> _EXTRACTED INFORMATION_:
********************

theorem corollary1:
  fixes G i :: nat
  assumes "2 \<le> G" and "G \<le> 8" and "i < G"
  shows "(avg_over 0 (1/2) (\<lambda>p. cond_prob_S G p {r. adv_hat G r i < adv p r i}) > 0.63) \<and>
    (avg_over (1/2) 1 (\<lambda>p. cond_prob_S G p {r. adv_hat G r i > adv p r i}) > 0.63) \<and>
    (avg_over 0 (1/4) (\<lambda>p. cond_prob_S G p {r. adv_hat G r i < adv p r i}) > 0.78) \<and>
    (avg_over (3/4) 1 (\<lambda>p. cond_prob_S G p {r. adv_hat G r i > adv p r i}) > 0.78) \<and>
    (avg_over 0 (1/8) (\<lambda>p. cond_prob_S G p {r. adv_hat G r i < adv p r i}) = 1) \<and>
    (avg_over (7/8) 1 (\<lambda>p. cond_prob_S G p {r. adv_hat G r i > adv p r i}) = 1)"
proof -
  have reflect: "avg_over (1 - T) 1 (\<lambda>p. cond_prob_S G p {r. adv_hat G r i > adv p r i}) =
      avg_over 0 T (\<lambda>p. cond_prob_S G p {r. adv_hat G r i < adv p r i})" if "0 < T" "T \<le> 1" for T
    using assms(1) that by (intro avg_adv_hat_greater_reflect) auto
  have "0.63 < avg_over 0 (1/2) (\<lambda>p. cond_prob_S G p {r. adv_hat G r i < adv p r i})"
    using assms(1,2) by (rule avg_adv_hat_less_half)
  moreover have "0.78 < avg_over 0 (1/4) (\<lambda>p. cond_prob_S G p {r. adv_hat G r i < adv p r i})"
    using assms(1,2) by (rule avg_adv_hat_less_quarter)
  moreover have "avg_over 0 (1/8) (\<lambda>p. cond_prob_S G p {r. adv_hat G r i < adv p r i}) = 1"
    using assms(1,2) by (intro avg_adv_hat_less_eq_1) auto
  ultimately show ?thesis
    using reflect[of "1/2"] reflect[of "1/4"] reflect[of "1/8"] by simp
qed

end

********************

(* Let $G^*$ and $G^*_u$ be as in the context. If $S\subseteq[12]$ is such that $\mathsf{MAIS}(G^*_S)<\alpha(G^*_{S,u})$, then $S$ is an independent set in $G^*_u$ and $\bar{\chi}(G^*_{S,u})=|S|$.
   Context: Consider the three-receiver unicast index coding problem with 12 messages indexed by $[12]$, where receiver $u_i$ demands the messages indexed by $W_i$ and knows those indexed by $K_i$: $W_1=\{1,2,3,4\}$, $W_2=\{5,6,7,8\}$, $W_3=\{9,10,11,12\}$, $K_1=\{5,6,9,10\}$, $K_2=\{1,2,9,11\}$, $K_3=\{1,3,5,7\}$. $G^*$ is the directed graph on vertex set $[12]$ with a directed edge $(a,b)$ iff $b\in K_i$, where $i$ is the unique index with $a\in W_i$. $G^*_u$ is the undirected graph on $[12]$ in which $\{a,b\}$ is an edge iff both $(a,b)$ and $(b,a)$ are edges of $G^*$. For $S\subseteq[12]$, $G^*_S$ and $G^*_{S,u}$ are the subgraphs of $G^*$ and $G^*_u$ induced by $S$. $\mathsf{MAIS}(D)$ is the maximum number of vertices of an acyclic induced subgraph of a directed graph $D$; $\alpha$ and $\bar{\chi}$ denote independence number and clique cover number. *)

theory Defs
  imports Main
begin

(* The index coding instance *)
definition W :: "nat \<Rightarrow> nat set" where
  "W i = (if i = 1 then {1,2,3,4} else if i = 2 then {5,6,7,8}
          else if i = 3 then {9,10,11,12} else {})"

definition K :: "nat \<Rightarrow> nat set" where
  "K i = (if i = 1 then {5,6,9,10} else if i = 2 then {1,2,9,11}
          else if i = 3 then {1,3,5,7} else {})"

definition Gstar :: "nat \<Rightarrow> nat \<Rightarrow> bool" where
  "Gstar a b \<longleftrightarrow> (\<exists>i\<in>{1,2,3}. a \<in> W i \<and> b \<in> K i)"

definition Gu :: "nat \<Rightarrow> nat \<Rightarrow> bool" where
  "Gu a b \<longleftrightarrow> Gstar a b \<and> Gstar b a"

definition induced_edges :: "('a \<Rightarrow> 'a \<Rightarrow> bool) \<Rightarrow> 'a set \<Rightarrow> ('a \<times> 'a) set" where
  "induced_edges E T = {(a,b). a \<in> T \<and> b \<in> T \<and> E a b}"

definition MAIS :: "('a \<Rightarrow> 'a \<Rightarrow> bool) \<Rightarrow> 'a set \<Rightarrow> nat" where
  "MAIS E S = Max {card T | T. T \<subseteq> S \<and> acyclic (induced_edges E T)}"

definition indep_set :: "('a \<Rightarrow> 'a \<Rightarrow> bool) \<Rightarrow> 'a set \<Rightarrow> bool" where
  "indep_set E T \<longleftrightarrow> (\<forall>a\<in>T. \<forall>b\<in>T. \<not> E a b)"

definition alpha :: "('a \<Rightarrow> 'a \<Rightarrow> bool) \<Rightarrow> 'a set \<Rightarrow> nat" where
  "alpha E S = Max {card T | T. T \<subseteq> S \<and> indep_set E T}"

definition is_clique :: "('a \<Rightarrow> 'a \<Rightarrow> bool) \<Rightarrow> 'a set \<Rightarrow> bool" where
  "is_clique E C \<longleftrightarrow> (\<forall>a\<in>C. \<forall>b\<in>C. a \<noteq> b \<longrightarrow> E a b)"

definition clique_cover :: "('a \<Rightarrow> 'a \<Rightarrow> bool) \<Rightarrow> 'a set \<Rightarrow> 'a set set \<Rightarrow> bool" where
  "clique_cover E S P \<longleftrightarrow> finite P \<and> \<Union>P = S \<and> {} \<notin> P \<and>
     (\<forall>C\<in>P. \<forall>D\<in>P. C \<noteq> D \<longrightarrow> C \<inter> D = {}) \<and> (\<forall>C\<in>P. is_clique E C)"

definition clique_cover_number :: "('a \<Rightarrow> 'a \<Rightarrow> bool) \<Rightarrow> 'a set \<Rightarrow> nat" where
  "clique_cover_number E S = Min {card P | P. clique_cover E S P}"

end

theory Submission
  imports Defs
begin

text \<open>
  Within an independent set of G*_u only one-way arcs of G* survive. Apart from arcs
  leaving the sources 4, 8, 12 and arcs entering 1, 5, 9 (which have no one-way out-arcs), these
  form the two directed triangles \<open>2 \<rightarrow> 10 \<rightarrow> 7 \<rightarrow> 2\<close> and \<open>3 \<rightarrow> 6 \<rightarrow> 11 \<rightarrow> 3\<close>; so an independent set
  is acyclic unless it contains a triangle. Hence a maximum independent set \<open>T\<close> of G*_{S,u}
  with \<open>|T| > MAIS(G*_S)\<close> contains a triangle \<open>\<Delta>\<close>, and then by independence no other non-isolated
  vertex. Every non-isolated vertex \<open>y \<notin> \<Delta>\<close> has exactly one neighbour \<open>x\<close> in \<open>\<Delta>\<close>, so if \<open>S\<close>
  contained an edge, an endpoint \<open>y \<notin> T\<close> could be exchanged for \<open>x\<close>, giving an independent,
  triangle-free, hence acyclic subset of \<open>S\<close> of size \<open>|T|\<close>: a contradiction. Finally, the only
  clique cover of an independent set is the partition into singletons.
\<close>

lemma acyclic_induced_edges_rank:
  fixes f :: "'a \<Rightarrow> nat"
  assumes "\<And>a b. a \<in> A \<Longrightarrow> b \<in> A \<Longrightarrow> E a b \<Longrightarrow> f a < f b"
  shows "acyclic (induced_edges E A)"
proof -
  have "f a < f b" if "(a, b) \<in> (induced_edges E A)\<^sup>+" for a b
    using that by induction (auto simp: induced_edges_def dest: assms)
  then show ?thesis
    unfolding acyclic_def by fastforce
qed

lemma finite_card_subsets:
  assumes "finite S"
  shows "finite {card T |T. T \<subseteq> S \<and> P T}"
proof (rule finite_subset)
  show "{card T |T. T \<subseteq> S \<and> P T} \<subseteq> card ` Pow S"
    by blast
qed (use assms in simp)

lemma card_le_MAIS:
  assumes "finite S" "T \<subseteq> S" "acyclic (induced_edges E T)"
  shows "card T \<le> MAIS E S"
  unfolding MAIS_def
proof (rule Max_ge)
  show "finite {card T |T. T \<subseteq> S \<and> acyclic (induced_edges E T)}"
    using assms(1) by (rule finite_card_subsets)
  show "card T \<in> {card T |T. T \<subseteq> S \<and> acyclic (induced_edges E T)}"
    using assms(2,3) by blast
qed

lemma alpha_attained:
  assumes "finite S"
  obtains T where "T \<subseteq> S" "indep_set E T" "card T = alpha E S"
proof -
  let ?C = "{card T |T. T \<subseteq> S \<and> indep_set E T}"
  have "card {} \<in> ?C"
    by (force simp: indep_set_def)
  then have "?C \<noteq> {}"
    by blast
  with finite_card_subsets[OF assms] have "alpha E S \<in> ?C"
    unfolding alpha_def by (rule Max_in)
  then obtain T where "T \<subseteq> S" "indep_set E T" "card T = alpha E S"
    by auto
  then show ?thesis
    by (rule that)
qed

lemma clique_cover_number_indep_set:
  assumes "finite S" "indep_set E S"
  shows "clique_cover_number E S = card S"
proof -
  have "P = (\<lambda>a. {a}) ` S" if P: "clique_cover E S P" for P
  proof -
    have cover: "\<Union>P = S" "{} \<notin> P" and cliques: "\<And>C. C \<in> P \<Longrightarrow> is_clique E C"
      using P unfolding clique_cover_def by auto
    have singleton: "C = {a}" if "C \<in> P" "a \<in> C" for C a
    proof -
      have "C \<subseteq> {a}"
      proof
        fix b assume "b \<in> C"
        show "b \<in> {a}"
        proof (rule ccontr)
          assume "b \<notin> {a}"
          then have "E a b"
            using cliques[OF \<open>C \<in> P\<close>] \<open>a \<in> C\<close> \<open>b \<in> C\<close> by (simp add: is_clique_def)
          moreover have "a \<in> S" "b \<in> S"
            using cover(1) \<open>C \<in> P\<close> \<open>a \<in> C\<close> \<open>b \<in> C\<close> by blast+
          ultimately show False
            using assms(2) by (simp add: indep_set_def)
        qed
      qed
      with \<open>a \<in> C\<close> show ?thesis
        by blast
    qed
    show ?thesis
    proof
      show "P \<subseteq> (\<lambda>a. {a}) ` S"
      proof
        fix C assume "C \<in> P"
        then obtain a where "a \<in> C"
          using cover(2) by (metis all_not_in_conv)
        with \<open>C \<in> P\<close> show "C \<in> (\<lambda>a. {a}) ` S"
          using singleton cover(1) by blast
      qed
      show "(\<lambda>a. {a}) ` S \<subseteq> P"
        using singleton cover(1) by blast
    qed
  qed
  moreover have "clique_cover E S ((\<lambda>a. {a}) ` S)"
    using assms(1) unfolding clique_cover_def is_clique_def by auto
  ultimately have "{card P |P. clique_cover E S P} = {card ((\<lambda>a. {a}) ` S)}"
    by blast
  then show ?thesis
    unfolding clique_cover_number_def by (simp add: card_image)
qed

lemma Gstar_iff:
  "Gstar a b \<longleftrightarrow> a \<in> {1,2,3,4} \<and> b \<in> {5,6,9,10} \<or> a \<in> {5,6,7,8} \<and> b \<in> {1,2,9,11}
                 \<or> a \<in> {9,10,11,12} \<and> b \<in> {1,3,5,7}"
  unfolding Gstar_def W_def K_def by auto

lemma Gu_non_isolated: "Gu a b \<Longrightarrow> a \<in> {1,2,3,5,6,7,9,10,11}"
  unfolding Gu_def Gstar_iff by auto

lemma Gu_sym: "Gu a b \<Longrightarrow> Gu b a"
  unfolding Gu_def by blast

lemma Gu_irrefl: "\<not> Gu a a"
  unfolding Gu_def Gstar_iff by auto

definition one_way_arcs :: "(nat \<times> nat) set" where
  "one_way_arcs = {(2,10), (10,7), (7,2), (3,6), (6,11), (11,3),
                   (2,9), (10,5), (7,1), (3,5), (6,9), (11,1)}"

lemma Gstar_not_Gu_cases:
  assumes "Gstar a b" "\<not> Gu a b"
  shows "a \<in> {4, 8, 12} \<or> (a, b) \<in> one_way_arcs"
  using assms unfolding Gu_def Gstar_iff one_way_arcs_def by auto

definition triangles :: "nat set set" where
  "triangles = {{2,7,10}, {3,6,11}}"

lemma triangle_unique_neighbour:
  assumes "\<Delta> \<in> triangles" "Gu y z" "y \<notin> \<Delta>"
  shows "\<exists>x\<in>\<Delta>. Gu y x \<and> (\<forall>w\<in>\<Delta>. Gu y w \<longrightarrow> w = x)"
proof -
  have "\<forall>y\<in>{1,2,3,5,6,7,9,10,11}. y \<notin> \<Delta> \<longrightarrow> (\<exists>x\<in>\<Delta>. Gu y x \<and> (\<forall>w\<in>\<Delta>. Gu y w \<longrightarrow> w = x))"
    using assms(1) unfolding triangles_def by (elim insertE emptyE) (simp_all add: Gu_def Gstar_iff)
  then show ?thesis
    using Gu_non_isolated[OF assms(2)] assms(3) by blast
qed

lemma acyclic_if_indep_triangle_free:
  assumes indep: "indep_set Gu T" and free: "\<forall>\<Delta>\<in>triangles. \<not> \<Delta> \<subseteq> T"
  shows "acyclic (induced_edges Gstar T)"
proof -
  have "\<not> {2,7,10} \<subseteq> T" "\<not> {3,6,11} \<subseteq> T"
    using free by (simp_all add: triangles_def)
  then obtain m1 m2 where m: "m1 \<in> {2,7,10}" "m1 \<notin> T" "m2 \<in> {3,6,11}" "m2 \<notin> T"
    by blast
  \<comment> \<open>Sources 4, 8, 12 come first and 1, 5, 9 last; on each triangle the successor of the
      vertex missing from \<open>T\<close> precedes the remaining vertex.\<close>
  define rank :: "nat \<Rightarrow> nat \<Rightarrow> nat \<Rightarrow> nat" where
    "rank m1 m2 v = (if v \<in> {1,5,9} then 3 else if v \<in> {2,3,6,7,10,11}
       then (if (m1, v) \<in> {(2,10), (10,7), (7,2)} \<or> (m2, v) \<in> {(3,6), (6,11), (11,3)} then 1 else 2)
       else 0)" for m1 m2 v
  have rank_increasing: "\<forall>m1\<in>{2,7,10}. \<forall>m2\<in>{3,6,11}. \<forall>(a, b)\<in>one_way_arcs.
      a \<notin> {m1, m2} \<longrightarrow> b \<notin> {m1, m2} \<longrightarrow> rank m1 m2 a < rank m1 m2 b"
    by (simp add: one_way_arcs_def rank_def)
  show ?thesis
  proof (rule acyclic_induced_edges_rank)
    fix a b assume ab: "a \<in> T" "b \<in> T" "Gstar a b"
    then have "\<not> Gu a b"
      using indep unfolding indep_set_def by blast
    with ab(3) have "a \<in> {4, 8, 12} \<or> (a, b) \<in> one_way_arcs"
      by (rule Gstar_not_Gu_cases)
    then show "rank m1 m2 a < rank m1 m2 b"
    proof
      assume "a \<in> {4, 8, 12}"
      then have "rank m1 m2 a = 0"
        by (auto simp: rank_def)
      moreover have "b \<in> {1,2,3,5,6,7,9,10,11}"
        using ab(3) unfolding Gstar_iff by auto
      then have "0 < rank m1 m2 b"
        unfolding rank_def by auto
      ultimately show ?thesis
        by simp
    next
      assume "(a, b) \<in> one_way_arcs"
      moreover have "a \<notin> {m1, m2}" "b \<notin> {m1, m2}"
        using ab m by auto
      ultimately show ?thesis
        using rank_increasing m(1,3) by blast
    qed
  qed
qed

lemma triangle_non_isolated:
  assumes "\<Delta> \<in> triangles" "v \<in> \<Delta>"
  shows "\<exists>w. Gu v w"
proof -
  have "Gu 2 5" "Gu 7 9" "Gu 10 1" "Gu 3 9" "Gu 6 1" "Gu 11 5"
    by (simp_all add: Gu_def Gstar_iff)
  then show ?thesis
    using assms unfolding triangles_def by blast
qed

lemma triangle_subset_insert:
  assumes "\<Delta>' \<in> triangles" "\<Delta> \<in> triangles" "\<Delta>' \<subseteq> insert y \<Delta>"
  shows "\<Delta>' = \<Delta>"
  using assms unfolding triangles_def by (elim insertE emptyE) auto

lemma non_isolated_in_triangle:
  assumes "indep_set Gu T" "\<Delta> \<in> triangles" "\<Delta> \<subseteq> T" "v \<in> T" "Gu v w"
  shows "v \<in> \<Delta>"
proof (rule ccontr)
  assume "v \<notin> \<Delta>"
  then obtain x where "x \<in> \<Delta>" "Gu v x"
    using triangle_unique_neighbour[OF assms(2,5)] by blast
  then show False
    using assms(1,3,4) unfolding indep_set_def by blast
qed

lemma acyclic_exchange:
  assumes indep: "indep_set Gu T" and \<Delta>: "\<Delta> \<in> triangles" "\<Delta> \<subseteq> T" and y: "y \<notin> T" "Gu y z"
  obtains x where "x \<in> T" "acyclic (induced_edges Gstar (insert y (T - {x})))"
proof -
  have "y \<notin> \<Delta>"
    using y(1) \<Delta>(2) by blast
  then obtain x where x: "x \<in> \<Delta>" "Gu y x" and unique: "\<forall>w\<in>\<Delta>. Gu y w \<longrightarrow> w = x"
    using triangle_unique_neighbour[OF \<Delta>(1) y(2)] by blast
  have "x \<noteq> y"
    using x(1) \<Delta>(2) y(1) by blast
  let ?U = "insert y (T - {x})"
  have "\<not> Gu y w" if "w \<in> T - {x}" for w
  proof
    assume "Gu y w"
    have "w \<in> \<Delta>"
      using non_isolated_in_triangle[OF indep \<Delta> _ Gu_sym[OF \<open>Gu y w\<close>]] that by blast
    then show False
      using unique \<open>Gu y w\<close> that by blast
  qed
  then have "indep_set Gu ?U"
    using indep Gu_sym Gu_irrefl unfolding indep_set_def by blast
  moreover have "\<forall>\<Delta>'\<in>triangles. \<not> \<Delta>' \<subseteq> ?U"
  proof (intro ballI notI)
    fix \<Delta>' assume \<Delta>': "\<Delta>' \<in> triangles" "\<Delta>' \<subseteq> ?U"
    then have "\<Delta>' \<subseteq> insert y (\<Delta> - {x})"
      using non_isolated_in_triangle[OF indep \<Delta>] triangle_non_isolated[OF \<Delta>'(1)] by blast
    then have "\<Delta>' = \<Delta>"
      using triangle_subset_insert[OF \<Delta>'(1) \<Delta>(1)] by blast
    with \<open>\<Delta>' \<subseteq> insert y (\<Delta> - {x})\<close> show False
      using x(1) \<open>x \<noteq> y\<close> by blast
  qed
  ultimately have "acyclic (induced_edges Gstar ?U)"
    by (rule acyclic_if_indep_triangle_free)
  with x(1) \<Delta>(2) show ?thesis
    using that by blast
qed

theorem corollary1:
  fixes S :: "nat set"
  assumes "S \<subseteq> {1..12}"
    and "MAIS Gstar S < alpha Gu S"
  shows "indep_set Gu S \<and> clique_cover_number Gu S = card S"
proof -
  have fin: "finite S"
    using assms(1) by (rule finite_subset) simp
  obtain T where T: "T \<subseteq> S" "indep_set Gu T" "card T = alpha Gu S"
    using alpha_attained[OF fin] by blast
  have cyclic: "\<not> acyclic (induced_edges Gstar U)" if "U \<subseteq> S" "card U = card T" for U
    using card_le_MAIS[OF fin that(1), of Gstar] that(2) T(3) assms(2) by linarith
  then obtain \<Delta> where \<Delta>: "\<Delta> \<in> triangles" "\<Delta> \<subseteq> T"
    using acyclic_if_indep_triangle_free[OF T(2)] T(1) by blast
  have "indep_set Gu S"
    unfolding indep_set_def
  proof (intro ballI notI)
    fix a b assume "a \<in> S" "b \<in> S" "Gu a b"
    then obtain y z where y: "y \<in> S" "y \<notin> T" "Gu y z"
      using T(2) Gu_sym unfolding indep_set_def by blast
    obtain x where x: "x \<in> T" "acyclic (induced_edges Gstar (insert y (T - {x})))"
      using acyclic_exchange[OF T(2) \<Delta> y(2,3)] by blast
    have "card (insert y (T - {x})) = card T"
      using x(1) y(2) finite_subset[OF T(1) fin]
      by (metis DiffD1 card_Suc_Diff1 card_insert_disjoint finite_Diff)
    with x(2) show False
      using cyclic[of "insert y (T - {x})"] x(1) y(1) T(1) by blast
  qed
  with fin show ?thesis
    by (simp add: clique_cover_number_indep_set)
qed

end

********************

Retype only the lines above between the line with "P |P. clique_cover" and the line with "unfolding Gstar_def W_def K_def by auto", counting those two lines as well, and keep every character as it is.

  ultimately have "{card P |P. clique_cover E S P} = {card ((\<lambda>a. {a}) ` S)}"
    by blast
  then show ?thesis
    unfolding clique_cover_number_def by (simp add: card_image)
qed

lemma Gstar_iff:
  "Gstar a b \<longleftrightarrow> a \<in> {1,2,3,4} \<and> b \<in> {5,6,9,10} \<or> a \<in> {5,6,7,8} \<and> b \<in> {1,2,9,11}
                 \<or> a \<in> {9,10,11,12} \<and> b \<in> {1,3,5,7}"
  unfolding Gstar_def W_def K_def by auto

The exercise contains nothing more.